Dataset entries:
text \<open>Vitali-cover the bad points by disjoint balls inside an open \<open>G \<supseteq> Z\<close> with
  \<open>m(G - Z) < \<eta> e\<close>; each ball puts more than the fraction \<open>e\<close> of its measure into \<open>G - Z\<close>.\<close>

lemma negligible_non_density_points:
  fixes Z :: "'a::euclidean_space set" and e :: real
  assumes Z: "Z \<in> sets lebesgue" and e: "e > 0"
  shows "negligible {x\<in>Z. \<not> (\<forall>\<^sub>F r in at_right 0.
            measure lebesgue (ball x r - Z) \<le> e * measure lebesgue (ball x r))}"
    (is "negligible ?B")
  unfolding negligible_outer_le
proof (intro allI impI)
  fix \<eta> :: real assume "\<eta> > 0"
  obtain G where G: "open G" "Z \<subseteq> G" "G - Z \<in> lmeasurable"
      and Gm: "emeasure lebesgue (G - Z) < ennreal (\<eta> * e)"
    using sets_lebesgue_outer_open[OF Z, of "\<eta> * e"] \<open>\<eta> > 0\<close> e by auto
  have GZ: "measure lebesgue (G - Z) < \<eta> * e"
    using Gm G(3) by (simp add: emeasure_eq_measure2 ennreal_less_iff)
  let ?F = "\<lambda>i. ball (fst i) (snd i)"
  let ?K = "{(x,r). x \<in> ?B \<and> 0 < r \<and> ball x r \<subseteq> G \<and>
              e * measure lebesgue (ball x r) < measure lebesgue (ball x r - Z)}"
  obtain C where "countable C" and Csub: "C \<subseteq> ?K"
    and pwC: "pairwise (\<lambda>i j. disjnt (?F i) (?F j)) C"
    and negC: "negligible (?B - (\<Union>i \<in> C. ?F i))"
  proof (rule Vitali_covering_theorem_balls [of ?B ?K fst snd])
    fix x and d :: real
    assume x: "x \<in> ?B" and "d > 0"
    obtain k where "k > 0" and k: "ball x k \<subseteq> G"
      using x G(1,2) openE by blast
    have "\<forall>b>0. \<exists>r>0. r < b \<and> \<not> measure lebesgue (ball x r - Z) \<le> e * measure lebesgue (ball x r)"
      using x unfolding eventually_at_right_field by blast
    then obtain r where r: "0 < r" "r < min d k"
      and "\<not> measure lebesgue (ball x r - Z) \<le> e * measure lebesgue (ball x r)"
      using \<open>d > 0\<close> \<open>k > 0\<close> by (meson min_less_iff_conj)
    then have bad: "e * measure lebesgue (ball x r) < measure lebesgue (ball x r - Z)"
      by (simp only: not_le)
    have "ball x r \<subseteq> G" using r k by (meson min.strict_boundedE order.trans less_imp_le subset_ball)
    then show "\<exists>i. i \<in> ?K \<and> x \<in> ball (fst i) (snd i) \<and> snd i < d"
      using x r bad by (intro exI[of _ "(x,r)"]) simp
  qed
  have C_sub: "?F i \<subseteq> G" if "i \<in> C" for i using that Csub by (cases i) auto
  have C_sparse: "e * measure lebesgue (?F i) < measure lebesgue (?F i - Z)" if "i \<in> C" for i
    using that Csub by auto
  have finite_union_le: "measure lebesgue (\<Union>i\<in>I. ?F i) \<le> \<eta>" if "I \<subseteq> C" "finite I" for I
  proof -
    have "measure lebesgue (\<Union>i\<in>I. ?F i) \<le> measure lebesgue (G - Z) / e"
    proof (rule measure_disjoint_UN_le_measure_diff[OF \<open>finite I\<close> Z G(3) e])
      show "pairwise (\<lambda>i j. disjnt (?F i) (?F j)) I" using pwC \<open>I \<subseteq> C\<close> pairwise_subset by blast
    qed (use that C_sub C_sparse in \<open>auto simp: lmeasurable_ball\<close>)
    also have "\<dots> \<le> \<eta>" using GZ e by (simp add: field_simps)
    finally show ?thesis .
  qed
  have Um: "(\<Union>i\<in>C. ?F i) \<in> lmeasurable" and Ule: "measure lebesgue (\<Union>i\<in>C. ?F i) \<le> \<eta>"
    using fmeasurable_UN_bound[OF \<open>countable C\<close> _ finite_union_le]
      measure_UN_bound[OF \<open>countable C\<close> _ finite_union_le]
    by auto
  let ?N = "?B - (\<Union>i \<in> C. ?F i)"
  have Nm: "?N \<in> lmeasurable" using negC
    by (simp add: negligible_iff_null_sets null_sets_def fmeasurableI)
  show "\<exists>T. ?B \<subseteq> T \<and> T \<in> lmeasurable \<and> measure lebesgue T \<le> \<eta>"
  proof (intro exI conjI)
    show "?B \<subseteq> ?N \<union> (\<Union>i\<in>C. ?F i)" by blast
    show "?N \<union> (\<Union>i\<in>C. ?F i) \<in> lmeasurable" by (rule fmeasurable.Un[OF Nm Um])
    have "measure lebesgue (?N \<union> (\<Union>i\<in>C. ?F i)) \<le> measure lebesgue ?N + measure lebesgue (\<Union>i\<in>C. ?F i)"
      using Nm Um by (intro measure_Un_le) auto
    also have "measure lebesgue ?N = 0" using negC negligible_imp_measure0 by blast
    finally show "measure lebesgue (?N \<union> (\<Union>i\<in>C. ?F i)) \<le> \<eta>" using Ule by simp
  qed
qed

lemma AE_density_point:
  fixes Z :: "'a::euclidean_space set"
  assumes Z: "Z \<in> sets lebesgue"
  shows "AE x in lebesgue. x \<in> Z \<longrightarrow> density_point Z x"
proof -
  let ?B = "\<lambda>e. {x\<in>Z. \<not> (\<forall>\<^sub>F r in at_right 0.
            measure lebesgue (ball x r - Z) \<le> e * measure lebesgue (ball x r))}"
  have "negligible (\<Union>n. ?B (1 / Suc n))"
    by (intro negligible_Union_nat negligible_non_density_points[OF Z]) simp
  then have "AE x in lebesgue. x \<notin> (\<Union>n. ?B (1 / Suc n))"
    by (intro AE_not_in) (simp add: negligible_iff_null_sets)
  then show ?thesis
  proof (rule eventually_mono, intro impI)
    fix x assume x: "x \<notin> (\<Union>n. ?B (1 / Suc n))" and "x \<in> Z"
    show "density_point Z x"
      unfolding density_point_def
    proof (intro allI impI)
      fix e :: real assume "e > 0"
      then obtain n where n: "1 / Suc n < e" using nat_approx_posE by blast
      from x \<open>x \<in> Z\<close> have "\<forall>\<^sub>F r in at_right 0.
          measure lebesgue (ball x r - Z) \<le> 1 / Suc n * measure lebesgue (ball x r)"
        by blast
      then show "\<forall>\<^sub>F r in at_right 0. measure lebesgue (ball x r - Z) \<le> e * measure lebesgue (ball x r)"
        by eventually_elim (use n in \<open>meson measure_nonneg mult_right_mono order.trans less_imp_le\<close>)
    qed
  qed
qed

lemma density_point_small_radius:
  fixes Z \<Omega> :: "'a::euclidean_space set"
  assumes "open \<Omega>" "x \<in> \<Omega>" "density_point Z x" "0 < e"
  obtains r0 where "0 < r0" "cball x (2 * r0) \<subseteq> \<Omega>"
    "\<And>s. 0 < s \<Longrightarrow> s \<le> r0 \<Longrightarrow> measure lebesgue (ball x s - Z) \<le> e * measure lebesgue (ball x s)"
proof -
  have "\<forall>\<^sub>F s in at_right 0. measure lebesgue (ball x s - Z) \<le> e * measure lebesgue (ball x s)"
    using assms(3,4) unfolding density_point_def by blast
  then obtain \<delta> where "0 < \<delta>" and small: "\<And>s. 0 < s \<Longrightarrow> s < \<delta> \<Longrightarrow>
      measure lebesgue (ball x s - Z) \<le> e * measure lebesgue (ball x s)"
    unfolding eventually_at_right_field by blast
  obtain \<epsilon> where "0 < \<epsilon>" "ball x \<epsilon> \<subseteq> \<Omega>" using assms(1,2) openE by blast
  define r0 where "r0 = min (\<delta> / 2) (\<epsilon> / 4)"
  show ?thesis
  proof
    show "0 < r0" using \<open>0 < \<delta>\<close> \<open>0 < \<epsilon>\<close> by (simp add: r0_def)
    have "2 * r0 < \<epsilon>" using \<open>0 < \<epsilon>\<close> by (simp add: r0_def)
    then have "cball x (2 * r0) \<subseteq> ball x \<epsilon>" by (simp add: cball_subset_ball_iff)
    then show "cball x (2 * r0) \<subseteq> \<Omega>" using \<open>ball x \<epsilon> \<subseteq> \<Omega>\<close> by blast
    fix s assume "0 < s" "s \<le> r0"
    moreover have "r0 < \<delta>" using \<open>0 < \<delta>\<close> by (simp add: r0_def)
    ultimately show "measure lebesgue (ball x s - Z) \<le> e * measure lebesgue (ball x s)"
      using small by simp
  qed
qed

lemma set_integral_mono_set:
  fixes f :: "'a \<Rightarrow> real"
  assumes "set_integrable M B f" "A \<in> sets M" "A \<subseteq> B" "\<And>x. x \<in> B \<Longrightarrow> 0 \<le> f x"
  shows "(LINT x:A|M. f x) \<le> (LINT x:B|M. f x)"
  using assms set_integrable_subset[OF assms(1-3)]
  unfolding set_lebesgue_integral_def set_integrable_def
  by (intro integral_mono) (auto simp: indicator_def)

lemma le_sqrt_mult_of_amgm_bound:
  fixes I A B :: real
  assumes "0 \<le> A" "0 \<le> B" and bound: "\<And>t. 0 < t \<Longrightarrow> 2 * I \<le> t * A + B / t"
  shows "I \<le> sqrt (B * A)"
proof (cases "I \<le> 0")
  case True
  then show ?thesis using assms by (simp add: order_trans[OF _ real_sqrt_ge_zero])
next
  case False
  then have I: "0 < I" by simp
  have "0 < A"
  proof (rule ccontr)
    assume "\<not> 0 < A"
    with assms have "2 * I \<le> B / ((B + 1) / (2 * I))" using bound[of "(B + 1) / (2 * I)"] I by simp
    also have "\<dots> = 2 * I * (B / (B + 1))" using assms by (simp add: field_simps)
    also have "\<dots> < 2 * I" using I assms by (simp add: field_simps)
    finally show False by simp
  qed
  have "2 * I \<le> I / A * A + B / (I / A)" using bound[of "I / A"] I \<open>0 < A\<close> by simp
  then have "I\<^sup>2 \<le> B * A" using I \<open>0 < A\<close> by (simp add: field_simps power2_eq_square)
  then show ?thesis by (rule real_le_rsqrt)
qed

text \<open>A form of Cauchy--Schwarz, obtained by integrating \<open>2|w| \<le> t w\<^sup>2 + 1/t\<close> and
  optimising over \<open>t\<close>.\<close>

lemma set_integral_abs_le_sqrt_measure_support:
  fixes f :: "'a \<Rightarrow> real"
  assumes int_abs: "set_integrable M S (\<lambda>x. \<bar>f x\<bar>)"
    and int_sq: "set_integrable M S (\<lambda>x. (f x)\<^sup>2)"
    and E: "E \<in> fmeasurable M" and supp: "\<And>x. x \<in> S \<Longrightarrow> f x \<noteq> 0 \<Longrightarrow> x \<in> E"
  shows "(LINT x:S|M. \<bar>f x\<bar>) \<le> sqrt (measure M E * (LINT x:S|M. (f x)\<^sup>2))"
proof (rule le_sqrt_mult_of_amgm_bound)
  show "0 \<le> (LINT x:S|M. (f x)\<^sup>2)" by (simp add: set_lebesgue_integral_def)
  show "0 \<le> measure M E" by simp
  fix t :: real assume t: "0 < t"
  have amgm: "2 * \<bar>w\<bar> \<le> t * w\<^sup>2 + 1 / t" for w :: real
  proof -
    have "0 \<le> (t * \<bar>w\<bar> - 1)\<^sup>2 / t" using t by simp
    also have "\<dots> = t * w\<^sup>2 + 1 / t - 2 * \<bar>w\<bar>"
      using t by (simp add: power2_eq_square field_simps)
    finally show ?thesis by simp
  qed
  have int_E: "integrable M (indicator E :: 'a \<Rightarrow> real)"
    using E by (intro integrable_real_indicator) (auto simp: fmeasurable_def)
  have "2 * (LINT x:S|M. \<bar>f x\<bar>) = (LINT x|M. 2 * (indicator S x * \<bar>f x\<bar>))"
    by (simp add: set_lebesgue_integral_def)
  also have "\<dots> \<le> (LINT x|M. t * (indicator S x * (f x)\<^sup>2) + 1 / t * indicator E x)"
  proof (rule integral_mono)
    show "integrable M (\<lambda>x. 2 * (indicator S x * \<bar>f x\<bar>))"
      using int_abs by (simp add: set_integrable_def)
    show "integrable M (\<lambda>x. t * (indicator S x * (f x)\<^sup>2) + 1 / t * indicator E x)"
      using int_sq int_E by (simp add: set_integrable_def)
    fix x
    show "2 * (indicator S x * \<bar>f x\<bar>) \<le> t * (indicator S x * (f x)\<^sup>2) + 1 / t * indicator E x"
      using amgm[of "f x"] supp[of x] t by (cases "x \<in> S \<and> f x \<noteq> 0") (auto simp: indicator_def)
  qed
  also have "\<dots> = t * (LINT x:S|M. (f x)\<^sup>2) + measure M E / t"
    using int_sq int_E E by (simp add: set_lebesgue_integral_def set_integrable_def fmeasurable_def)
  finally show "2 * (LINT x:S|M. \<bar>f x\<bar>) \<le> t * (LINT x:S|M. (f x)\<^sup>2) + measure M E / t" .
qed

...

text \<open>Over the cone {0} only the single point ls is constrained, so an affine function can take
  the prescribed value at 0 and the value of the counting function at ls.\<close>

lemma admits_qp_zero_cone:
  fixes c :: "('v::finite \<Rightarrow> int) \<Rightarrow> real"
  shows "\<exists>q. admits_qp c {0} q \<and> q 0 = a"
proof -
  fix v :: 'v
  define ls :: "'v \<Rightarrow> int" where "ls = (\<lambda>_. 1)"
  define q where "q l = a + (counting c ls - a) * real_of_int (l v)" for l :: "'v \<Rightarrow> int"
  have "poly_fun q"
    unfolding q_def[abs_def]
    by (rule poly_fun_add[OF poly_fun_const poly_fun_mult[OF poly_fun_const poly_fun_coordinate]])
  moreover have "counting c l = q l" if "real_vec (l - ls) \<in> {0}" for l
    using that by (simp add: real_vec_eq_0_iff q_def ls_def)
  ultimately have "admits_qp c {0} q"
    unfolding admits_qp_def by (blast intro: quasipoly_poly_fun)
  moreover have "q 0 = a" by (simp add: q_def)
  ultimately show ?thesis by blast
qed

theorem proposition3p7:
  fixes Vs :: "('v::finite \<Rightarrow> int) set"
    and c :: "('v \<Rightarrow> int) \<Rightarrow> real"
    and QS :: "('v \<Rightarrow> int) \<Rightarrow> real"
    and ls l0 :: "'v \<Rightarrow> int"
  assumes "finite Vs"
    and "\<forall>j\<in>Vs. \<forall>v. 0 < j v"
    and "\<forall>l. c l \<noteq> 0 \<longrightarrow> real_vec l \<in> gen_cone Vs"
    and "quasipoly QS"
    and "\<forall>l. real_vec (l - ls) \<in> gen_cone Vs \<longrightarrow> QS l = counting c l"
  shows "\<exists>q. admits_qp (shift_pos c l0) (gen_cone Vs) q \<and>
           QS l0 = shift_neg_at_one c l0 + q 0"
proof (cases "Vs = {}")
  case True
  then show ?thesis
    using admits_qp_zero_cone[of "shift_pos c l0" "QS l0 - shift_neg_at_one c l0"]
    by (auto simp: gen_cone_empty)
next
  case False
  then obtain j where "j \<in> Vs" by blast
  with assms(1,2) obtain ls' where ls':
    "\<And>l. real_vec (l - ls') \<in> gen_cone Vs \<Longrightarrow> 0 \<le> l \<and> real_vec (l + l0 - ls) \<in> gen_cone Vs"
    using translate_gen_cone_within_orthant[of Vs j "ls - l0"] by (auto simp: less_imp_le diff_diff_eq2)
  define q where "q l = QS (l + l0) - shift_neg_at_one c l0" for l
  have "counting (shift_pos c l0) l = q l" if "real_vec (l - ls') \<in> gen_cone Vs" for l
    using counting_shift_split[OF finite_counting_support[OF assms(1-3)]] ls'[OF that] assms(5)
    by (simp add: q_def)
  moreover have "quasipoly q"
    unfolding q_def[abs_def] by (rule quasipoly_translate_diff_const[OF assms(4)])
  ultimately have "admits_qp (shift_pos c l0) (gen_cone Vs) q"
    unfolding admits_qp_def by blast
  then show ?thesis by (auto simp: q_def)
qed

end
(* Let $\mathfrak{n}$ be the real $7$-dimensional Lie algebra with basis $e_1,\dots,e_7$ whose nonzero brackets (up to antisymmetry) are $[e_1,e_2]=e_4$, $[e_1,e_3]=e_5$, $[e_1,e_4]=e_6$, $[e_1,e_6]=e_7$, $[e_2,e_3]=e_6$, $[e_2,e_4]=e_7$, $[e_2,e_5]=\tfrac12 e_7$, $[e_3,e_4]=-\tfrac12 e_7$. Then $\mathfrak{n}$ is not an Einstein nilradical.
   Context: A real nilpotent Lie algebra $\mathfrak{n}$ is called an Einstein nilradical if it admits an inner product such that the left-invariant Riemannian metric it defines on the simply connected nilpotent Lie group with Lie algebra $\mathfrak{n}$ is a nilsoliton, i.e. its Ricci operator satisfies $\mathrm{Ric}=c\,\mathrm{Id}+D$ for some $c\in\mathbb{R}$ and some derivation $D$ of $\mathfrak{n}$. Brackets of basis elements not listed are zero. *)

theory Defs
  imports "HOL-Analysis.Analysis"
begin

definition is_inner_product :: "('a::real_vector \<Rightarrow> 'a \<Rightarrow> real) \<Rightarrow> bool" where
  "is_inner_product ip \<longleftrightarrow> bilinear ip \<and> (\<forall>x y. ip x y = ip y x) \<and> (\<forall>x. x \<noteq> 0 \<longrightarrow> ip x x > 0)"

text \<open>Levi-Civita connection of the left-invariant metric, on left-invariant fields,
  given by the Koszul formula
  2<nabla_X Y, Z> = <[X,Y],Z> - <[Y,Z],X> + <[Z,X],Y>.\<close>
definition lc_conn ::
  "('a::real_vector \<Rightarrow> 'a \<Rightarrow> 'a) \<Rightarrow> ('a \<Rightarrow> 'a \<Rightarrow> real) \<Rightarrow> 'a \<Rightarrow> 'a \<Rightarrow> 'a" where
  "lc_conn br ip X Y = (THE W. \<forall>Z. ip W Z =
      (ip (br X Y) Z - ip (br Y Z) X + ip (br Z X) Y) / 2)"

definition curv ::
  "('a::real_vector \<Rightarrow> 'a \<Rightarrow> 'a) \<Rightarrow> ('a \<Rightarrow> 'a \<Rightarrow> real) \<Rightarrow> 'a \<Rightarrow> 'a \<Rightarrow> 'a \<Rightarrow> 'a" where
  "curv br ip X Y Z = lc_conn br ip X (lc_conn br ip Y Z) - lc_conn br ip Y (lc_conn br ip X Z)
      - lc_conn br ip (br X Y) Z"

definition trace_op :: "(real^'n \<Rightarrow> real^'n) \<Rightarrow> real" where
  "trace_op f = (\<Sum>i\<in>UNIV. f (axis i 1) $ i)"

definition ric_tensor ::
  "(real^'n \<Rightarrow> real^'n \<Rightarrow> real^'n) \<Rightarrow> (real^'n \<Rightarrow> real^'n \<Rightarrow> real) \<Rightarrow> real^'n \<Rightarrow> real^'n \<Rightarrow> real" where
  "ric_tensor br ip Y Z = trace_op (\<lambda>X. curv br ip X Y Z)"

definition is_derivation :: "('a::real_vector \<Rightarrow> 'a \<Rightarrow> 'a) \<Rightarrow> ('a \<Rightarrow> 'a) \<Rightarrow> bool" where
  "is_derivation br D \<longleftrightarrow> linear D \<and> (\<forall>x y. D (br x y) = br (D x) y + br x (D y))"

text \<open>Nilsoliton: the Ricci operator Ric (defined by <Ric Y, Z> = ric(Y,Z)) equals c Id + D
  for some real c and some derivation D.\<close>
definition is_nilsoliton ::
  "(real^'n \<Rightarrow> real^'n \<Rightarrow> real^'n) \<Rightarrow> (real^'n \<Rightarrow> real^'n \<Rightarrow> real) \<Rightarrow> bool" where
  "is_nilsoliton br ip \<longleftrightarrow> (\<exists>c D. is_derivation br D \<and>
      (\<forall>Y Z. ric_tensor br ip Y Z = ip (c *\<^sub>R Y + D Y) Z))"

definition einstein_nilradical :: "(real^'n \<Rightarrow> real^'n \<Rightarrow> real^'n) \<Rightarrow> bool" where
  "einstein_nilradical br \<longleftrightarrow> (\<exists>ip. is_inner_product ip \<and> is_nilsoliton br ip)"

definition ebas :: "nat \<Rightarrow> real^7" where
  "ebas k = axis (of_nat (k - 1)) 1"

* * *

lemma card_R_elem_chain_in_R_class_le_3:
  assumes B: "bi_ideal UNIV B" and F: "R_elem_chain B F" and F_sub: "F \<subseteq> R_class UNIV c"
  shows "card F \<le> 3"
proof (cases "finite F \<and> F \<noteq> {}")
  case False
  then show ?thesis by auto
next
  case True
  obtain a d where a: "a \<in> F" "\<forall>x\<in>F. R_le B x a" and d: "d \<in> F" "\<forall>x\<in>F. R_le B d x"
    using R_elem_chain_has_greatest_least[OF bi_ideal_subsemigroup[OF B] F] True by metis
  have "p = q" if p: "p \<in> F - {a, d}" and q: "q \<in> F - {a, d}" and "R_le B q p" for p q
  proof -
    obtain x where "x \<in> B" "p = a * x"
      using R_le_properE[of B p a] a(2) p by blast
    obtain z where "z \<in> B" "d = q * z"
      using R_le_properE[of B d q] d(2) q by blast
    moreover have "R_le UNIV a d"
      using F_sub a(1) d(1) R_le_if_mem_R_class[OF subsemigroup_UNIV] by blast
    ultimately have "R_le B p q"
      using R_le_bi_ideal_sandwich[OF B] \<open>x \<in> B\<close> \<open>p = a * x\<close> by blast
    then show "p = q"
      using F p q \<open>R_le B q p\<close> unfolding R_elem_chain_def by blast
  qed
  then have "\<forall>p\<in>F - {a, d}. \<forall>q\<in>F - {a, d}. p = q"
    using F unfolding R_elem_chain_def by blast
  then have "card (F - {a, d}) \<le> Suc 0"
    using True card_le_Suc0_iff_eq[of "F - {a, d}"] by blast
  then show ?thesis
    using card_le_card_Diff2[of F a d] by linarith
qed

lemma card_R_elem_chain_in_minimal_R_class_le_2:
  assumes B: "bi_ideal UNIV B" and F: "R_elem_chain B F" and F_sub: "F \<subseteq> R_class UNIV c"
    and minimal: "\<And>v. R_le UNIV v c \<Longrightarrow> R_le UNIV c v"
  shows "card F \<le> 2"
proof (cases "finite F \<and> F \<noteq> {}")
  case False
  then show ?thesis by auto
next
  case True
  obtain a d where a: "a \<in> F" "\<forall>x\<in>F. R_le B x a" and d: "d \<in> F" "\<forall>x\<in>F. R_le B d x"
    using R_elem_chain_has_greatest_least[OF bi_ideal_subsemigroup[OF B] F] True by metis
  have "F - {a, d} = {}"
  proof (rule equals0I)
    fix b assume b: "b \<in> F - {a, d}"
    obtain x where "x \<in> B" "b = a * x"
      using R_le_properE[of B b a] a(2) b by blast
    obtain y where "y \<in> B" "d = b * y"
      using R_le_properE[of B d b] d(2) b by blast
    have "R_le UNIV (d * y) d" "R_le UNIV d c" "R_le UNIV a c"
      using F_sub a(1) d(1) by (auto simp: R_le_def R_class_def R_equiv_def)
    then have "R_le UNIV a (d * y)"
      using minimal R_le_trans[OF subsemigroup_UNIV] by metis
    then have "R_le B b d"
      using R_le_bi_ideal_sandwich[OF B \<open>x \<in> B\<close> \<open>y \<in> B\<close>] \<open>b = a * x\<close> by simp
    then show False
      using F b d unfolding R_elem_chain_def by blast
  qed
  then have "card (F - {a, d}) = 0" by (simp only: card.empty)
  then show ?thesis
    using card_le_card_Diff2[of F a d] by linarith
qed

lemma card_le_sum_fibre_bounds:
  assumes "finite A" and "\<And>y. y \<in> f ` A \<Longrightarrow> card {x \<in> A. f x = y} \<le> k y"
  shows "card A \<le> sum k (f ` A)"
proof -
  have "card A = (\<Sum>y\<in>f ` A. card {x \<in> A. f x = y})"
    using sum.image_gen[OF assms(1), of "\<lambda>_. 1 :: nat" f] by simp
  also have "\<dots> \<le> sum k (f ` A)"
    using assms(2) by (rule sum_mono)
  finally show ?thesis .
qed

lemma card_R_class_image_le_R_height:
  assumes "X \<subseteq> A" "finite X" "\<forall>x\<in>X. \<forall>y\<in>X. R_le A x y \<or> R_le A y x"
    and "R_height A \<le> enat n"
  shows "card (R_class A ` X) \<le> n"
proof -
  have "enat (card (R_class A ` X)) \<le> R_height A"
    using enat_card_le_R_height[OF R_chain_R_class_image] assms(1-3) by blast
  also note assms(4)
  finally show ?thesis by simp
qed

> What to work on: Go through the data and copy every line that includes "delta".

> Expected answer:
  then obtain \<delta> where "0 < \<delta>" and small: "\<And>s. 0 < s \<Longrightarrow> s < \<delta> \<Longrightarrow>
  define r0 where "r0 = min (\<delta> / 2) (\<epsilon> / 4)"
    show "0 < r0" using \<open>0 < \<delta>\<close> \<open>0 < \<epsilon>\<close> by (simp add: r0_def)
    moreover have "r0 < \<delta>" using \<open>0 < \<delta>\<close> by (simp add: r0_def)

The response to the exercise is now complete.